Data manipulation in Python can be greatly facilitated with the Pandas library.

![image.png](attachment:2db1e92a-ed3a-4f7b-8737-c08469c9dd22.png)

https://pandas.pydata.org/

Pandas data-manipulation capabilities are built on top of NumPy, utilizing its fast array processing, and its graphing capabilities are built on top of Matplotlib.

* "pandas is a fast, powerful, flexible and easy to use open source data analysis and manipulation tool, built on top of the Python programming language."
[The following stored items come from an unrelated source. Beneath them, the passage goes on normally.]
(* Let $R>0$ and $q>0$ be fixed, and for $M\ge2$ let $\tau_M=\frac{R}{q\ln M}$. Define $$\mathcal{E}(\tau)=\mathbb{E}\left[\frac{e^{U_1/\sqrt{\tau}}}{e^{U_1/\sqrt\tau}+e^{-1/\tau}\sum_{j=2}^Me^{U_j/\sqrt\tau}}\right],$$ with $U_1,\dots,U_M$ i.i.d. $\mathcal{N}(0,1)$. Then $\lim_{M\to\infty}\mathcal{E}(\tau_M)=1$ if $q>2R$ and $\lim_{M\to\infty}\mathcal{E}(\tau_M)=0$ if $q<2R$. (In the spatially coupled state evolution, $q=\frac{1}{L_R}\sum_{r=1}^{L_R}W_{rc}/\phi^t_r$.)
   Context: In spatially coupled SPARC state evolution, $\tau^t_c=\frac{R}{\ln M}\big[\frac{1}{L_R}\sum_r\frac{W_{rc}}{\phi^t_r}\big]^{-1}$ for a base matrix $W\in\mathbb{R}^{L_R\times L_C}$ with nonnegative entries and positive numbers $\phi^t_r$; $R$ is the rate in nats. *)

theory Defs
  imports "HOL-Probability.Probability"
begin

definition gauss_iid :: "nat \<Rightarrow> (nat \<Rightarrow> real) measure" where
  "gauss_iid M = PiM {1..M} (\<lambda>_. density lborel std_normal_density)"

definition sparc_E :: "nat \<Rightarrow> real \<Rightarrow> real" where
  "sparc_E M \<tau> = (\<integral>U. exp (U 1 / sqrt \<tau>) /
      (exp (U 1 / sqrt \<tau>) + exp (- 1 / \<tau>) * (\<Sum>j=2..M. exp (U j / sqrt \<tau>))) \<partial>gauss_iid M)"

end

theory Submission
  imports Defs "HOL-Real_Asymp.Real_Asymp"
begin

text \<open>
  Put \<open>a = 1 / sqrt \<tau> = sqrt (c * ln M)\<close> with \<open>c = q / R\<close>, so that the integrand is
  \<open>X / (X + exp (- a\<^sup>2) * S)\<close> with \<open>X = exp (a * U\<^sub>1)\<close> and \<open>S = \<Sum>j\<ge>2. exp (a * U\<^sub>j)\<close>.
  Since \<open>E S = (M - 1) * exp (a\<^sup>2 / 2)\<close>, the competing mass \<open>exp (- a\<^sup>2) * S\<close> has mean of order
  \<open>M powr (1 - c / 2)\<close>.

  If \<open>c > 2\<close> this mean tends to zero: on \<open>U\<^sub>1 \<ge> - t\<close> the ratio misses 1 by at most
  \<open>exp (a * t - a\<^sup>2) * S\<close>, whose mean is small by Markov's inequality, and
  \<open>P (U\<^sub>1 < - t) \<le> exp (1 / 2 - t)\<close>.

  If \<open>c < 2\<close> the mean tends to infinity, and \<open>S\<close> concentrates around it: truncating each
  \<open>exp (a * U\<^sub>j)\<close> at \<open>U\<^sub>j = a + 2\<close> keeps the mean but tames the second moment, so Chebyshev's
  inequality applies. On \<open>U\<^sub>1 \<le> t\<close> the numerator is at most \<open>exp (a * t)\<close>.

  In both cases \<open>t\<close> is a multiple of \<open>sqrt (ln M)\<close>, so that \<open>a * t\<close> is a small multiple of
  \<open>ln M\<close> while \<open>exp (- t)\<close> still vanishes.
\<close>

abbreviation std_normal :: "real measure" where
  "std_normal \<equiv> density lborel std_normal_density"

interpretation std_normal: prob_space std_normal
  using prob_space_normal_density by simp

lemma std_normal_density_mult_exp:
  "std_normal_density u * exp (l * u) = exp (l\<^sup>2 / 2) * normal_density l 1 u"
proof -
  have "exp (- u\<^sup>2 / 2) * exp (l * u) = exp (l\<^sup>2 / 2) * exp (- (u - l)\<^sup>2 / 2)"
    unfolding exp_add[symmetric] by (simp add: power2_eq_square field_simps)
  then show ?thesis unfolding std_normal_density_def normal_density_def by simp
qed

lemma integrable_std_normal_exp: "integrable std_normal (\<lambda>u. exp (l * u))"
  by (subst integrable_density) (auto simp: std_normal_density_mult_exp)

lemma integral_std_normal_exp: "(\<integral>u. exp (l * u) \<partial>std_normal) = exp (l\<^sup>2 / 2)"
  by (subst integral_density) (auto simp: std_normal_density_mult_exp)

context prob_space
begin

lemma
  fixes g :: "'a \<Rightarrow> real"
  assumes i: "i \<in> I" and g[measurable]: "g \<in> borel_measurable M"
  shows integrable_PiM_component_iff:
      "integrable (PiM I (\<lambda>_. M)) (\<lambda>x. g (x i)) \<longleftrightarrow> integrable M g"
    and integral_PiM_component: "(\<integral>x. g (x i) \<partial>PiM I (\<lambda>_. M)) = (\<integral>u. g u \<partial>M)"
proof -
  have distr: "distr (PiM I (\<lambda>_. M)) M (\<lambda>x. x i) = M"
    by (rule distr_PiM_component) (use i prob_space_axioms in auto)
  have "(\<lambda>x. x i) \<in> measurable (PiM I (\<lambda>_. M)) M"
    using i by simp
  from integrable_distr_eq[OF this g] integral_distr[OF this g]
  show "integrable (PiM I (\<lambda>_. M)) (\<lambda>x. g (x i)) \<longleftrightarrow> integrable M g"
    and "(\<integral>x. g (x i) \<partial>PiM I (\<lambda>_. M)) = (\<integral>u. g u \<partial>M)"
    unfolding distr by simp_all
qed

lemma
  fixes f g :: "'a \<Rightarrow> real" and I :: "'i set"
  assumes I: "finite I" and ij: "i \<in> I" "j \<in> I" "i \<noteq> j"
    and f: "integrable M f" and g: "integrable M g"
  shows integrable_PiM_two_components:
      "integrable (PiM I (\<lambda>_. M)) (\<lambda>x. f (x i) * g (x j))"
    and integral_PiM_two_components:
      "(\<integral>x. f (x i) * g (x j) \<partial>PiM I (\<lambda>_. M)) = expectation f * expectation g"
proof -
  interpret product: product_prob_space "\<lambda>_. M" I
    by unfold_locales
  define h where "h k = (if k = i then f else if k = j then g else (\<lambda>_. 1))" for k
  have h_int: "integrable M (h k)" for k
    using f g by (simp add: h_def)
  have prod_h: "(\<Prod>k\<in>I. F k) = F i * F j" if "\<And>k. k \<in> I \<Longrightarrow> k \<noteq> i \<Longrightarrow> k \<noteq> j \<Longrightarrow> F k = 1"
    for F :: "'i \<Rightarrow> real"
    using prod.mono_neutral_right[OF I, of "{i, j}" F] that ij by auto
  have prod_eq: "(\<lambda>x. \<Prod>k\<in>I. h k (x k)) = (\<lambda>x. f (x i) * g (x j))"
    by (subst prod_h) (use ij in \<open>auto simp: h_def\<close>)
  have "(\<Prod>k\<in>I. integral\<^sup>L M (h k)) = expectation f * expectation g"
    by (subst prod_h) (use ij in \<open>auto simp: h_def prob_space\<close>)
  with product.product_integrable_prod[of I h] product.product_integral_prod[of I h]
  show "integrable (PiM I (\<lambda>_. M)) (\<lambda>x. f (x i) * g (x j))"
    and "(\<integral>x. f (x i) * g (x j) \<partial>PiM I (\<lambda>_. M)) = expectation f * expectation g"
    using I h_int unfolding prod_eq by simp_all
qed

lemma
  fixes f :: "'a \<Rightarrow> real" and I :: "'i set"
  assumes I: "finite I" and J: "J \<subseteq> I"
    and f: "integrable M f" and f2: "integrable M (\<lambda>u. (f u)\<^sup>2)"
  shows integrable_PiM_sum_centered_square:
      "integrable (PiM I (\<lambda>_. M)) (\<lambda>x. (\<Sum>j\<in>J. f (x j) - expectation f)\<^sup>2)"
    and integral_PiM_sum_centered_square:
      "(\<integral>x. (\<Sum>j\<in>J. f (x j) - expectation f)\<^sup>2 \<partial>PiM I (\<lambda>_. M)) = card J * variance f"
proof -
  define g where "g u = f u - expectation f" for u
  have g: "integrable M g"
    unfolding g_def using f by simp
  have g2: "integrable M (\<lambda>u. (g u)\<^sup>2)"
    unfolding g_def power2_diff using f f2 by simp
  have Eg: "expectation g = 0"
    unfolding g_def using f by (simp add: prob_space)
  have g2_meas: "(\<lambda>u. (g u)\<^sup>2) \<in> borel_measurable M"
    using g2 by auto
  have sq: "(\<Sum>j\<in>J. f (x j) - expectation f)\<^sup>2 = (\<Sum>j\<in>J. \<Sum>k\<in>J. g (x j) * g (x k))" for x
    unfolding power2_eq_square g_def by (rule sum_product)
  have int: "integrable (PiM I (\<lambda>_. M)) (\<lambda>x. g (x j) * g (x k))" if "j \<in> J" "k \<in> J" for j k
    using integrable_PiM_component_iff[OF _ g2_meas, of j I] g2 g
      integrable_PiM_two_components[OF I, of j k g g] that J
    by (cases "j = k") (auto simp: power2_eq_square)
  have val: "(\<integral>x. g (x j) * g (x k) \<partial>PiM I (\<lambda>_. M)) = (if j = k then variance f else 0)"
    if "j \<in> J" "k \<in> J" for j k
    using integral_PiM_component[OF _ g2_meas, of j I] g
      integral_PiM_two_components[OF I, of j k g g] that J Eg
    by (cases "j = k") (auto simp: power2_eq_square g_def)
  show "integrable (PiM I (\<lambda>_. M)) (\<lambda>x. (\<Sum>j\<in>J. f (x j) - expectation f)\<^sup>2)"
    unfolding sq using int by auto
  have "(\<integral>x. (\<Sum>j\<in>J. f (x j) - expectation f)\<^sup>2 \<partial>PiM I (\<lambda>_. M))
      = (\<Sum>j\<in>J. \<Sum>k\<in>J. \<integral>x. g (x j) * g (x k) \<partial>PiM I (\<lambda>_. M))"
    unfolding sq using int by (simp add: Bochner_Integration.integral_sum)
  also have "\<dots> = (\<Sum>j\<in>J. \<Sum>k\<in>J. if j = k then variance f else 0)"
    using val by (intro sum.cong) auto
  also have "\<dots> = card J * variance f"
    using I J by (simp add: finite_subset)
  finally show "(\<integral>x. (\<Sum>j\<in>J. f (x j) - expectation f)\<^sup>2 \<partial>PiM I (\<lambda>_. M)) = card J * variance f" .
qed

end

lemma prob_space_gauss_iid: "prob_space (gauss_iid M)"
  unfolding gauss_iid_def by (rule prob_space_PiM) (rule std_normal.prob_space_axioms)

lemma gauss_iid_component_measurable[measurable]:
  "j \<in> {1..M} \<Longrightarrow> (\<lambda>x. x j) \<in> borel_measurable (gauss_iid M)"
  unfolding gauss_iid_def by (simp add: measurable_cong_sets[OF refl sets_density])

lemma
  assumes "j \<in> {1..M}"
  shows integrable_gauss_iid_exp: "integrable (gauss_iid M) (\<lambda>x. exp (l * x j))"
    and integral_gauss_iid_exp: "(\<integral>x. exp (l * x j) \<partial>gauss_iid M) = exp (l\<^sup>2 / 2)"
  using std_normal.integrable_PiM_component_iff[OF assms, of "\<lambda>u. exp (l * u)"]
    std_normal.integral_PiM_component[OF assms, of "\<lambda>u. exp (l * u)"]
  by (simp_all add: gauss_iid_def integrable_std_normal_exp integral_std_normal_exp)

lemma
  assumes "0 < M"
  shows integrable_gauss_iid_sum_exp: "integrable (gauss_iid M) (\<lambda>x. \<Sum>j=2..M. exp (l * x j))"
    and integral_gauss_iid_sum_exp:
      "(\<integral>x. (\<Sum>j=2..M. exp (l * x j)) \<partial>gauss_iid M) = (real M - 1) * exp (l\<^sup>2 / 2)"
  using assms by (auto simp: integrable_gauss_iid_exp integral_gauss_iid_exp of_nat_diff)

definition sparc_ratio :: "nat \<Rightarrow> real \<Rightarrow> (nat \<Rightarrow> real) \<Rightarrow> real" where
  "sparc_ratio M a x =
     exp (a * x 1) / (exp (a * x 1) + exp (- a\<^sup>2) * (\<Sum>j=2..M. exp (a * x j)))"

lemma sparc_E_eq_integral_sparc_ratio:
  assumes "0 < \<tau>"
  shows "sparc_E M \<tau> = (\<integral>x. sparc_ratio M (1 / sqrt \<tau>) x \<partial>gauss_iid M)"
proof -
  define a where "a = 1 / sqrt \<tau>"
  have "u / sqrt \<tau> = a * u" for u
    unfolding a_def by simp
  moreover have "- 1 / \<tau> = - a\<^sup>2"
    unfolding a_def using assms by (simp add: power_divide)
  ultimately show ?thesis
    unfolding sparc_E_def sparc_ratio_def a_def[symmetric] by simp
qed

lemma sparc_ratio_nonneg: "0 \<le> sparc_ratio M a x"
  and sparc_ratio_le_one: "sparc_ratio M a x \<le> 1"
proof -
  have "0 \<le> exp (- a\<^sup>2) * (\<Sum>j=2..M. exp (a * x j))"
    by (simp add: sum_nonneg)
  then show "0 \<le> sparc_ratio M a x" "sparc_ratio M a x \<le> 1"
    unfolding sparc_ratio_def by (simp_all add: add_pos_nonneg)
qed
* It may be one of the most widely used tools for data munging

  * present data in nice formats
  * multiple convenient methods for filtering data
  * work with a variety of data formats (CSV, Excel, …)
  * convenient functions for quickly plotting data

* The name comes from panel data (and is also a play on python data analysis)

Pandas can be used to easily import a wide variety of file types. 
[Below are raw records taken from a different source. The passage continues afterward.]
lemma vf_bracket_a13_comb:
  assumes "\<And>x. \<alpha> differentiable at x" "\<And>x. \<sigma> differentiable at x"
    and "\<And>x. \<beta> differentiable at x" "\<And>x. \<tau> differentiable at x"
  shows "vf_bracket (a13_comb a b c d e h \<alpha> \<sigma>) (a13_comb a' b' c' d' e' h' \<beta> \<tau>) =
    a13_comb (a * b' - b * a') (2 * (a * c' - c * a')) (b * c' - c * b') (a * c' - c * a')
      (a * h' - h * a' + e * d' - d * e') (h * d' - h * b' + e * c' - d * h' - c * e' + b * h')
      (\<lambda>x. (a + b * x + c * x\<^sup>2) * deriv \<beta> x - (a' + b' * x + c' * x\<^sup>2) * deriv \<alpha> x
        + (2 * d' - b') * \<alpha> x - (2 * d - b) * \<beta> x + (e * h' - h * e'))
      (\<lambda>x. (a + b * x + c * x\<^sup>2) * deriv \<tau> x - (a' + b' * x + c' * x\<^sup>2) * deriv \<sigma> x
        + (3 * d' - b' + c' * x) * \<sigma> x - (3 * d - b + c * x) * \<tau> x
        + (e + h * x) * \<beta> x - (e' + h' * x) * \<alpha> x)"
proof (rule ext)
  fix p :: "real \<times> real \<times> real"
  obtain x y z where p: "p = (x, y, z)"
    by (cases p) auto
  show "vf_bracket (a13_comb a b c d e h \<alpha> \<sigma>) (a13_comb a' b' c' d' e' h' \<beta> \<tau>) p = a13_comb (a * b' - b * a') (2 * (a * c' - c * a')) (b * c' - c * b') (a * c' - c * a')
      (a * h' - h * a' + e * d' - d * e') (h * d' - h * b' + e * c' - d * h' - c * e' + b * h')
      (\<lambda>x. (a + b * x + c * x\<^sup>2) * deriv \<beta> x - (a' + b' * x + c' * x\<^sup>2) * deriv \<alpha> x
        + (2 * d' - b') * \<alpha> x - (2 * d - b) * \<beta> x + (e * h' - h * e'))
      (\<lambda>x. (a + b * x + c * x\<^sup>2) * deriv \<tau> x - (a' + b' * x + c' * x\<^sup>2) * deriv \<sigma> x
        + (3 * d' - b' + c' * x) * \<sigma> x - (3 * d - b + c * x) * \<tau> x
        + (e + h * x) * \<beta> x - (e' + h' * x) * \<alpha> x) p"
    unfolding vf_bracket_def p
    by (simp add: frechet_derivative_a13_comb assms)
      (simp add: a13_comb_def field_simps power2_eq_square power3_eq_cube)
qed

lemma vf_subspace_0: "vf_subspace I \<Longrightarrow> (\<lambda>p. 0) \<in> I"
  unfolding vf_subspace_def by blast

lemma vf_subspace_add: "vf_subspace I \<Longrightarrow> x \<in> I \<Longrightarrow> y \<in> I \<Longrightarrow> (\<lambda>p. x p + y p) \<in> I"
  unfolding vf_subspace_def by blast

lemma vf_subspace_scale: "vf_subspace I \<Longrightarrow> x \<in> I \<Longrightarrow> (\<lambda>p. k *\<^sub>R x p) \<in> I"
  unfolding vf_subspace_def by blast

lemma vf_subspace_scale_add:
  "vf_subspace I \<Longrightarrow> x \<in> I \<Longrightarrow> y \<in> I \<Longrightarrow> (\<lambda>p. k *\<^sub>R x p + y p) \<in> I"
  using vf_subspace_add[of I "\<lambda>p. k *\<^sub>R x p" y] vf_subspace_scale[of I x k] by blast

lemma vf_span_superset: "x \<in> S \<Longrightarrow> x \<in> vf_span S"
  unfolding vf_span_def by (intro CollectI exI[of _ "{x}"] exI[of _ "\<lambda>_. 1"]) auto

lemma vf_span_minimal:
  assumes T: "vf_subspace T" and "S \<subseteq> T"
  shows "vf_span S \<subseteq> T"
proof
  fix f
  assume "f \<in> vf_span S"
  then obtain F c where F: "finite F" "F \<subseteq> S" and f: "f = (\<lambda>p. \<Sum>v\<in>F. c v *\<^sub>R v p)"
    unfolding vf_span_def by blast
  from F have "(\<lambda>p. \<Sum>v\<in>F. c v *\<^sub>R v p) \<in> T"
  proof (induction F rule: finite_induct)
    case empty
    then show ?case using vf_subspace_0[OF T] by simp
  next
    case (insert x F)
    then have "(\<lambda>p. c x *\<^sub>R x p + (\<Sum>v\<in>F. c v *\<^sub>R v p)) \<in> T"
      using \<open>S \<subseteq> T\<close> by (intro vf_subspace_scale_add[OF T]) auto
    then show ?case using insert by simp
  qed
  then show "f \<in> T" unfolding f .
qed

lemma vf_subspace_vf_span: "vf_subspace (vf_span S)"
  unfolding vf_subspace_def
proof (intro conjI ballI allI)
  show "(\<lambda>p. 0) \<in> vf_span S"
    unfolding vf_span_def by (intro CollectI exI[of _ "{}"]) auto
next
  fix x y
  assume "x \<in> vf_span S" "y \<in> vf_span S"
  then obtain F1 c1 F2 c2 where F: "finite F1" "F1 \<subseteq> S" "finite F2" "F2 \<subseteq> S"
    and x: "x = (\<lambda>p. \<Sum>v\<in>F1. c1 v *\<^sub>R v p)" and y: "y = (\<lambda>p. \<Sum>v\<in>F2. c2 v *\<^sub>R v p)"
    unfolding vf_span_def by blast
  define c where "c v = (if v \<in> F1 then c1 v else 0) + (if v \<in> F2 then c2 v else 0)" for v
  have "x p + y p = (\<Sum>v\<in>F1 \<union> F2. c v *\<^sub>R v p)" for p
  proof -
    have "(\<Sum>v\<in>F1 \<union> F2. c v *\<^sub>R v p) = (\<Sum>v\<in>F1 \<union> F2. if v \<in> F1 then c1 v *\<^sub>R v p else 0)
        + (\<Sum>v\<in>F1 \<union> F2. if v \<in> F2 then c2 v *\<^sub>R v p else 0)"
      unfolding sum.distrib[symmetric] by (rule sum.cong) (auto simp: c_def scaleR_add_left)
    also have "\<dots> = (\<Sum>v\<in>F1. c1 v *\<^sub>R v p) + (\<Sum>v\<in>F2. c2 v *\<^sub>R v p)"
      using F by (simp add: sum.If_cases Int_absorb1 Int_absorb2)
    finally show ?thesis unfolding x y by simp
  qed
  then show "(\<lambda>p. x p + y p) \<in> vf_span S"
    unfolding vf_span_def using F by (intro CollectI exI[of _ "F1 \<union> F2"] exI[of _ c]) auto
next
  fix k x
  assume "x \<in> vf_span S"
  then obtain F c where F: "finite F" "F \<subseteq> S" and x: "x = (\<lambda>p. \<Sum>v\<in>F. c v *\<^sub>R v p)"
    unfolding vf_span_def by blast
  have "(\<lambda>p. k *\<^sub>R x p) = (\<lambda>p. \<Sum>v\<in>F. (k * c v) *\<^sub>R v p)"
    unfolding x by (simp add: scaleR_sum_right)
  then show "(\<lambda>p. k *\<^sub>R x p) \<in> vf_span S"
    unfolding vf_span_def using F by (intro CollectI exI[of _ F] exI[of _ "\<lambda>v. k * c v"]) auto
qed

definition a13_combs :: "(real \<Rightarrow> real \<Rightarrow> real \<Rightarrow> real \<Rightarrow> real \<Rightarrow> real \<Rightarrow> bool) \<Rightarrow> vf set" where
  "a13_combs P = {a13_comb a b c d e h \<alpha> \<sigma> | a b c d e h \<alpha> \<sigma>.
     P a b c d e h \<and> smooth_fun \<alpha> \<and> smooth_fun \<sigma>}"

lemma a13_combsI:
  "P a b c d e h \<Longrightarrow> smooth_fun \<alpha> \<Longrightarrow> smooth_fun \<sigma> \<Longrightarrow> a13_comb a b c d e h \<alpha> \<sigma> \<in> a13_combs P"
  unfolding a13_combs_def by blast

lemma a13_combsE:
  assumes "x \<in> a13_combs P"
  obtains a b c d e h \<alpha> \<sigma> where "x = a13_comb a b c d e h \<alpha> \<sigma>" "P a b c d e h"
    "smooth_fun \<alpha>" "smooth_fun \<sigma>"
  using assms unfolding a13_combs_def by blast

lemma vf_subspace_a13_combs:
  assumes "P 0 0 0 0 0 0"
    and "\<And>a b c d e h a' b' c' d' e' h'. P a b c d e h \<Longrightarrow> P a' b' c' d' e' h' \<Longrightarrow>
      P (a + a') (b + b') (c + c') (d + d') (e + e') (h + h')"
    and "\<And>k a b c d e h. P a b c d e h \<Longrightarrow> P (k * a) (k * b) (k * c) (k * d) (k * e) (k * h)"
  shows "vf_subspace (a13_combs P)"
  unfolding vf_subspace_def
proof (intro conjI ballI allI)
  show "(\<lambda>p. 0) \<in> a13_combs P"
    using a13_combsI[of P, OF assms(1) smooth_fun_const[of 0] smooth_fun_const[of 0]]
    by (simp only: a13_comb_zero)
next
  fix x y
  assume "x \<in> a13_combs P" "y \<in> a13_combs P"
  then show "(\<lambda>p. x p + y p) \<in> a13_combs P"
    by (elim a13_combsE) (simp only: a13_comb_add, intro a13_combsI assms(2) smooth_fun_add)
next
  fix k x
  assume "x \<in> a13_combs P"
  then show "(\<lambda>p. k *\<^sub>R x p) \<in> a13_combs P"
    by (elim a13_combsE) (simp only: a13_comb_scaleR, intro a13_combsI assms(3) smooth_fun_cmult)
qed

lemma a13_eq_a13_combs: "a13 = a13_combs (\<lambda>a b c d e h. True)"
proof
  show "a13 \<subseteq> a13_combs (\<lambda>a b c d e h. True)"
    unfolding a13_def
    by (rule vf_span_minimal[OF vf_subspace_a13_combs])
      (auto simp: a13_comb_generators intro!: a13_combsI smooth_fun_const)
  show "a13_combs (\<lambda>a b c d e h. True) \<subseteq> a13"
  proof
    fix x
    assume "x \<in> a13_combs (\<lambda>a b c d e h. True)"
    then obtain a b c d e h \<alpha> \<sigma> where x: "x = a13_comb a b c d e h \<alpha> \<sigma>" "smooth_fun \<alpha>" "smooth_fun \<sigma>"
      by (elim a13_combsE) blast
    show "x \<in> a13"
      unfolding x(1) a13_comb_eq_sum a13_def
      by (intro vf_subspace_scale_add[OF vf_subspace_vf_span] vf_subspace_add[OF vf_subspace_vf_span]
          vf_span_superset) (use x in auto)
  qed
qed

lemma r13_eq_a13_combs: "r13 = a13_combs (\<lambda>a b c d e h. a = 0 \<and> b = 0 \<and> c = 0)"
proof
  show "r13 \<subseteq> a13_combs (\<lambda>a b c d e h. a = 0 \<and> b = 0 \<and> c = 0)"
    unfolding r13_def
    by (rule vf_span_minimal[OF vf_subspace_a13_combs])
      (auto simp: a13_comb_generators intro!: a13_combsI smooth_fun_const)
  show "a13_combs (\<lambda>a b c d e h. a = 0 \<and> b = 0 \<and> c = 0) \<subseteq> r13"
  proof
    fix x
    assume "x \<in> a13_combs (\<lambda>a b c d e h. a = 0 \<and> b = 0 \<and> c = 0)"
    then obtain d e h \<alpha> \<sigma> where x: "x = a13_comb 0 0 0 d e h \<alpha> \<sigma>" "smooth_fun \<alpha>" "smooth_fun \<sigma>"
      by (elim a13_combsE) blast
    have "x = (\<lambda>p. d *\<^sub>R D2 p + (e *\<^sub>R P2 p + (h *\<^sub>R H p + (R \<alpha> p + Z \<sigma> p))))"
      unfolding x(1) a13_comb_eq_sum by simp
    also have "\<dots> \<in> r13"
      unfolding r13_def
      by (intro vf_subspace_scale_add[OF vf_subspace_vf_span] vf_subspace_add[OF vf_subspace_vf_span]
          vf_span_superset) (use x in auto)
    finally show "x \<in> r13" .
  qed
qed

lemma vf_bracket_a13_comb_smooth:
  assumes "smooth_fun \<alpha>" "smooth_fun \<sigma>" "smooth_fun \<beta>" "smooth_fun \<tau>"
  obtains \<alpha>' \<sigma>' where "smooth_fun \<alpha>'" "smooth_fun \<sigma>'"
    "vf_bracket (a13_comb a b c d e h \<alpha> \<sigma>) (a13_comb a' b' c' d' e' h' \<beta> \<tau>) =
      a13_comb (a * b' - b * a') (2 * (a * c' - c * a')) (b * c' - c * b') (a * c' - c * a')
        (a * h' - h * a' + e * d' - d * e') (h * d' - h * b' + e * c' - d * h' - c * e' + b * h')
        \<alpha>' \<sigma>'"
proof -
  have \<alpha>': "smooth_fun (\<lambda>x. (a + b * x + c * x\<^sup>2) * deriv \<beta> x - (a' + b' * x + c' * x\<^sup>2) * deriv \<alpha> x
      + (2 * d' - b') * \<alpha> x - (2 * d - b) * \<beta> x + (e * h' - h * e'))"
    using assms by (intro smooth_fun_add smooth_fun_diff smooth_fun_mult_quadratic smooth_fun_cmult
        smooth_fun_const smooth_fun_deriv)
  have \<sigma>': "smooth_fun (\<lambda>x. (a + b * x + c * x\<^sup>2) * deriv \<tau> x - (a' + b' * x + c' * x\<^sup>2) * deriv \<sigma> x
      + (3 * d' - b' + c' * x) * \<sigma> x - (3 * d - b + c * x) * \<tau> x
      + (e + h * x) * \<beta> x - (e' + h' * x) * \<alpha> x)"
    using assms by (intro smooth_fun_add smooth_fun_diff smooth_fun_mult_quadratic
        smooth_fun_mult_linear smooth_fun_deriv)
  show thesis
    by (rule that[OF \<alpha>' \<sigma>' vf_bracket_a13_comb]) (use assms smooth_fun_differentiable in blast)+
qed

lemma vf_bracket_a13_combs:
  assumes "x \<in> a13_combs P" "y \<in> a13_combs Q"
    and "\<And>a b c d e h a' b' c' d' e' h'. P a b c d e h \<Longrightarrow> Q a' b' c' d' e' h' \<Longrightarrow>
      S (a * b' - b * a') (2 * (a * c' - c * a')) (b * c' - c * b') (a * c' - c * a')
        (a * h' - h * a' + e * d' - d * e') (h * d' - h * b' + e * c' - d * h' - c * e' + b * h')"
  shows "vf_bracket x y \<in> a13_combs S"
proof -
  obtain a b c d e h \<alpha> \<sigma> where x: "x = a13_comb a b c d e h \<alpha> \<sigma>" "P a b c d e h"
    "smooth_fun \<alpha>" "smooth_fun \<sigma>"
    using assms(1) by (rule a13_combsE)
  obtain a' b' c' d' e' h' \<beta> \<tau> where y: "y = a13_comb a' b' c' d' e' h' \<beta> \<tau>" "Q a' b' c' d' e' h'"
    "smooth_fun \<beta>" "smooth_fun \<tau>"
    using assms(2) by (rule a13_combsE)
  obtain \<alpha>' \<sigma>' where "smooth_fun \<alpha>'" "smooth_fun \<sigma>'"
    "vf_bracket x y = a13_comb (a * b' - b * a') (2 * (a * c' - c * a')) (b * c' - c * b') (a * c' - c * a')
        (a * h' - h * a' + e * d' - d * e') (h * d' - h * b' + e * c' - d * h' - c * e' + b * h') \<alpha>' \<sigma>'"
    unfolding x(1) y(1) using x(3,4) y(3,4) by (rule vf_bracket_a13_comb_smooth)
  then show ?thesis
    using assms(3)[OF x(2) y(2)] by (simp add: a13_combsI)
qed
![Pandas-io](helpers/pandas-io-types.png)

See [Pandas IO tools](https://pandas.pydata.org/pandas-docs/stable/user_guide/io.html).

In [24]:
import pandas as pd

As it so happens..... pandas has excellent functionality for work with csv files and excel spreadsheets (i.e. we don't necessarily need the csv or openpyxl libraries if we aren't doing more sophisticated things).

In [25]:
a = pd.read_csv('DatasaurusDozen.csv')

In [26]:
a

Unnamed: 0,dataset,x,y
0,dino,55.384600,97.179500
1,dino,51.538500,96.025600
2,dino,46.153800,94.487200
3,dino,42.820500,91.410300
4,dino,40.769200,88.333300
...,...,...,...
1841,wide_lines,33.674442,26.090490
1842,wide_lines,75.627255,37.128752
1843,wide_lines,40.610125,89.136240
1844,wide_lines,39.114366,96.481751


In [27]:
a = pd.read_excel('DatasaurusDozen.xlsx')

In [28]:
a

Unnamed: 0,dataset,x,y
0,dino,55.384600,97.179500
1,dino,51.538500,96.025600
2,dino,46.153800,94.487200
3,dino,42.820500,91.410300
4,dino,40.769200,88.333300
...,...,...,...
1841,wide_lines,33.674442,26.090490
1842,wide_lines,75.627255,37.128752
1843,wide_lines,40.610125,89.136240
1844,wide_lines,39.114366,96.481751


## JSON

Wanna use JSON instead?  Easy!

In [29]:
a = pd.read_json('DatasaurusDozen.json')

In [30]:
a

Unnamed: 0,dino,away,h_lines,v_lines,x_shape,star,high_lines,dots,circle,bullseye,slant_up,slant_down,wide_lines
x,"[55.3846, 51.5385, 46.1538, 42.8205, 40.7692, ...","[32.3311102266, 53.4214628807, 63.92020226, 70...","[53.366566866, 52.8019793617, 47.0541298828, 4...","[50.4815081703, 50.2824056687, 50.1867033389, ...","[38.3377571839, 35.7518707905, 32.7672179591, ...","[58.2136082599, 58.1960536923, 58.7182307185, ...","[57.6132335477, 51.2743918205, 50.7538984114, ...","[51.1479167122, 50.5171258092, 50.2074801993, ...","[55.9930301513, 50.0322537946, 51.2884586593, ...","[51.2038911373, 58.9744699018, 51.8720726696, ...","[47.6952008891, 44.6099759113, 43.8563814822, ...","[52.8720214902, 59.0141444945, 56.3751090389, ...","[65.8155400946, 65.6722651618, 39.002716451, 3..."
y,"[97.1795, 96.0256, 94.4872, 91.4103, 88.3333, ...","[61.411101248, 26.1868803879, 30.8321939163, 8...","[90.2080300059, 90.0880645063, 90.458936026, 8...","[93.2227013657, 97.6099835723, 99.6946801425, ...","[92.472719051, 94.1167680276, 88.5182945794, 8...","[91.881891513, 92.2149886482, 90.310532087, 89...","[83.9051707998, 82.8179829379, 76.7541289533, ...","[90.8674123313, 89.1023945866, 85.4600473951, ...","[79.2772636977, 79.013071199, 82.4359398425, 7...","[83.3397766053, 85.499817612, 85.8297376348, 8...","[95.2411869282, 93.075835032, 94.0858717713, 9...","[97.3432226575, 93.5748748733, 96.30514763, 94...","[95.5883740582, 91.9334018119, 92.26183816, 93..."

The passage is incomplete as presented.